A cultural emphasis on cognitive stimulation may lead U.S. infants to be more active and aroused than their Dutch counterparts, the researchers suggest. American infants also demonstrated higher levels of fear, frustration and sadness and lower levels of falling reactivity (infants’ ability to lower their own distress/arousal).

“It was very interesting for me to go through the prep courses we offer for first-time moms in the United States,” Gartstein said. “The emphasis on cognitive stimulation—teaching moms how to use toys to interact with their baby, reading books aloud to infants, etc.—becomes really clear.”

In contrast, Dutch babies demonstrated greater expressions of happiness during routine activities and were easier to calm or soothe when upset.
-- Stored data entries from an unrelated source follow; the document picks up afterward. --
definition bip_edge_set_prob :: "nat \<Rightarrow> nat \<Rightarrow> real \<Rightarrow> (nat \<times> nat) set \<Rightarrow> real" where
  "bip_edge_set_prob n m p E = p ^ card E * (1 - p) ^ (n * m - card E)"

lemma sum_bip_edge_set_prob_avoiding:
  assumes "F \<subseteq> bip_pairs n m"
  shows "(\<Sum>E\<in>Pow (bip_pairs n m). if E \<inter> F = {} then bip_edge_set_prob n m p E else 0)
    = (1 - p) ^ card F"
proof -
  have fin: "finite (bip_pairs n m)" and card: "card (bip_pairs n m) = n * m"
    unfolding bip_pairs_def by simp_all
  have "(\<Sum>E\<in>Pow (bip_pairs n m). if E \<inter> F = {} then bip_edge_set_prob n m p E else 0)
      = (\<Sum>E\<in>{E\<in>Pow (bip_pairs n m). E \<inter> F = {}}. bip_edge_set_prob n m p E)"
    by (simp only: sum.inter_filter fin finite_Pow_iff)
  then show ?thesis
    using sum_subset_weights_disjoint[OF fin assms, of p]
    unfolding bip_edge_set_prob_def card by (simp only:)
qed

lemma bip_one_component_prob_eq:
  "bip_one_component_prob n m p = 1 - (\<Sum>E\<in>Pow (bip_pairs n m).
     if card (bip_components n m E) = 1 then 0 else bip_edge_set_prob n m p E)"
proof -
  have "(\<Sum>E\<in>Pow (bip_pairs n m). bip_edge_set_prob n m p E) = 1"
    using sum_bip_edge_set_prob_avoiding[of "{}" n m p] by simp
  moreover have "bip_one_component_prob n m p = (\<Sum>E\<in>Pow (bip_pairs n m). bip_edge_set_prob n m p E)
      - (\<Sum>E\<in>Pow (bip_pairs n m). if card (bip_components n m E) = 1 then 0 else bip_edge_set_prob n m p E)"
    unfolding bip_one_component_prob_def bip_edge_set_prob_def bip_pairs_def[symmetric]
      sum_subtractf[symmetric]
    by (rule sum.cong) auto
  ultimately show ?thesis
    by simp
qed

lemma bip_one_component_prob_nonneg:
  fixes p :: real
  assumes "0 \<le> p" and "p \<le> 1"
  shows "0 \<le> bip_one_component_prob n m p"
  unfolding bip_one_component_prob_def using assms by (intro sum_nonneg) auto

lemma sum_disconnected_bip_edge_set_prob_le:
  fixes p :: real
  assumes "0 < n" and "0 \<le> p" and "p \<le> 1"
  shows "(\<Sum>E\<in>Pow (bip_pairs n m).
      if card (bip_components n m E) = 1 then 0 else bip_edge_set_prob n m p E)
    \<le> (\<Sum>(A, B)\<in>bip_small_sets n m. (1 - p) ^ card (bip_cut n m A B))"
proof -
  let ?P = "bip_pairs n m" and ?w = "bip_edge_set_prob n m p"
  let ?avoids = "\<lambda>E (A, B). E \<inter> bip_cut n m A B = {}"
  have w_nonneg: "0 \<le> ?w E" for E
    unfolding bip_edge_set_prob_def using assms(2,3) by simp
  have "(if card (bip_components n m E) = 1 then 0 else ?w E)
      \<le> (\<Sum>X\<in>bip_small_sets n m. if ?avoids E X then ?w E else 0)" if "E \<in> Pow ?P" for E
  proof (cases "card (bip_components n m E) = 1")
    case False
    with that have "\<exists>X\<in>bip_small_sets n m. ?avoids E X"
      using disconnected_imp_isolated_small_set[OF _ \<open>0 < n\<close>, of E m] by simp
    then obtain X where "X \<in> bip_small_sets n m" and "?avoids E X"
      by blast
    then have "?w E \<le> (\<Sum>X\<in>bip_small_sets n m. if ?avoids E X then ?w E else 0)"
      using member_le_sum[of X "bip_small_sets n m" "\<lambda>X. if ?avoids E X then ?w E else 0"]
      by (simp add: w_nonneg finite_bip_small_sets)
    with False show ?thesis
      by simp
  qed (simp add: sum_nonneg w_nonneg)
  then have "(\<Sum>E\<in>Pow ?P. if card (bip_components n m E) = 1 then 0 else ?w E)
      \<le> (\<Sum>E\<in>Pow ?P. \<Sum>X\<in>bip_small_sets n m. if ?avoids E X then ?w E else 0)"
    by (rule sum_mono)
  also have "\<dots> = (\<Sum>X\<in>bip_small_sets n m. \<Sum>E\<in>Pow ?P. if ?avoids E X then ?w E else 0)"
    by (rule sum.swap)
  also have "\<dots> = (\<Sum>(A, B)\<in>bip_small_sets n m. (1 - p) ^ card (bip_cut n m A B))"
  proof (rule sum.cong[OF refl], clarify)
    fix A B assume "(A, B) \<in> bip_small_sets n m"
    then have "bip_cut n m A B \<subseteq> ?P"
      by (intro bip_cut_subset) (auto simp: bip_small_sets_def)
    then show "(\<Sum>E\<in>Pow ?P. if E \<inter> bip_cut n m A B = {} then ?w E else 0)
        = (1 - p) ^ card (bip_cut n m A B)"
      by (rule sum_bip_edge_set_prob_avoiding)
  qed
  finally show ?thesis .
qed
The researchers hypothesize the Dutch infants’ relatively calm demeanors were due in part to a more regulated sleep schedule and lower intensity activities.

“Two things that are very important to Dutch parents are reserving specific times for sleep and not over-stimulating their children,” Gartstein said. “For example, when the parents take the baby home from the hospital they often send out cards inviting friends to visit with the mom and baby at certain times so they won’t interrupt the baby’s sleep schedule. Also, I was struck by how little Dutch parents use toys when they play with their children, relative to U.S. parents.”

Going global to expand understanding

The next step in the research will be to conduct follow-up studies observing actual child and mother behavior, said study co-author Roseriet Beijers, a psychologist at the Behavioral Science Institute at Radboud University in the Netherlands.

“We need more data to find out if these results can be explained by actual different temperamental characteristics and/or rearing styles between our cultures, or whether parents might view their children differently and/or value different temperamental characteristics,” she said.

Gartstein said her hope is cross-cultural developmental research will be expanded to include other countries and cultures from around the globe in an effort to better understand universal and culture-specific aspects of social-emotional development.

Data collected in 18 countries

Cornelia Kirchhoff, a clinical psychology graduate student, is working with Gartstein to wrap up a study comparing the impact of child temperament on behavioral problems for infants in the United States and Germany. Kirchhoff is using both IBQ-R study data and parent interviews for her project.

“Developing hypotheses and finding theories that deliver explanations for differences in child temperament between countries has probably been the most exciting part of the project,” she said. “There were also several hilarious scenes with toddlers who either tried to grab my camera or wanted to involve me in their interaction with their mother during my home visits.”

Study co-author Sam Putnam, a developmental psychologist at Bowdoin University, is leading an effort to translate the IBQ-R into different languages to make it easier for non-western countries to participate in the research. To date, he has collected temperament data from 18 countries.

“I imagine at some point there is going to be a big study comparing all of these different cultures, using a variety of methods to do so,” Gartstein said. “It will really open the floodgates for cross-cultural developmental research.”